■ Exercise requirements ■
Please transcribe, exactly and only, the lines of the records below from the one holding "bool) \<Rightarrow> 'a \<Rightarrow>" to the very end.

■ Supplied records ■
(* Let $G$ be a finite connected chordal graph. Then its center $C(G)$ is a diameter certificate of $G$, i.e. for every vertex $u$, $\min_{c\in C(G)}(d(u,c)+e(c))\le\operatorname{diam}(G)$.
   Context: A graph is chordal if every induced cycle of length at least 4 has a chord. $d$ shortest-path distance, $e(v)=\max_u d(v,u)$, $\operatorname{rad}(G)=\min_v e(v)$, $\operatorname{diam}(G)=\max_v e(v)$, $C(G)=\{c: e(c)=\operatorname{rad}(G)\}$. *)

theory Defs
  imports Main
begin

definition graph :: "'a set \<Rightarrow> ('a \<Rightarrow> 'a \<Rightarrow> bool) \<Rightarrow> bool" where
  "graph V E \<longleftrightarrow> (\<forall>x y. E x y \<longrightarrow> x \<in> V \<and> y \<in> V) \<and> (\<forall>x y. E x y \<longrightarrow> E y x) \<and> (\<forall>x. \<not> E x x)"

definition walk :: "'a set \<Rightarrow> ('a \<Rightarrow> 'a \<Rightarrow> bool) \<Rightarrow> 'a list \<Rightarrow> bool" where
  "walk V E p \<longleftrightarrow> p \<noteq> [] \<and> set p \<subseteq> V \<and> (\<forall>i. Suc i < length p \<longrightarrow> E (p ! i) (p ! Suc i))"

definition connected_graph :: "'a set \<Rightarrow> ('a \<Rightarrow> 'a \<Rightarrow> bool) \<Rightarrow> bool" where
  "connected_graph V E \<longleftrightarrow> V \<noteq> {} \<and>
     (\<forall>u\<in>V. \<forall>v\<in>V. \<exists>p. walk V E p \<and> hd p = u \<and> last p = v)"

definition dist :: "'a set \<Rightarrow> ('a \<Rightarrow> 'a \<Rightarrow> bool) \<Rightarrow> 'a \<Rightarrow> 'a \<Rightarrow> nat" where
  "dist V E u v = (LEAST n. \<exists>p. walk V E p \<and> hd p = u \<and> last p = v \<and> length p = Suc n)"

■ Result of this task ■
definition dist :: "'a set \<Rightarrow> ('a \<Rightarrow> 'a \<Rightarrow> bool) \<Rightarrow> 'a \<Rightarrow> 'a \<Rightarrow> nat" where
  "dist V E u v = (LEAST n. \<exists>p. walk V E p \<and> hd p = u \<and> last p = v \<and> length p = Suc n)"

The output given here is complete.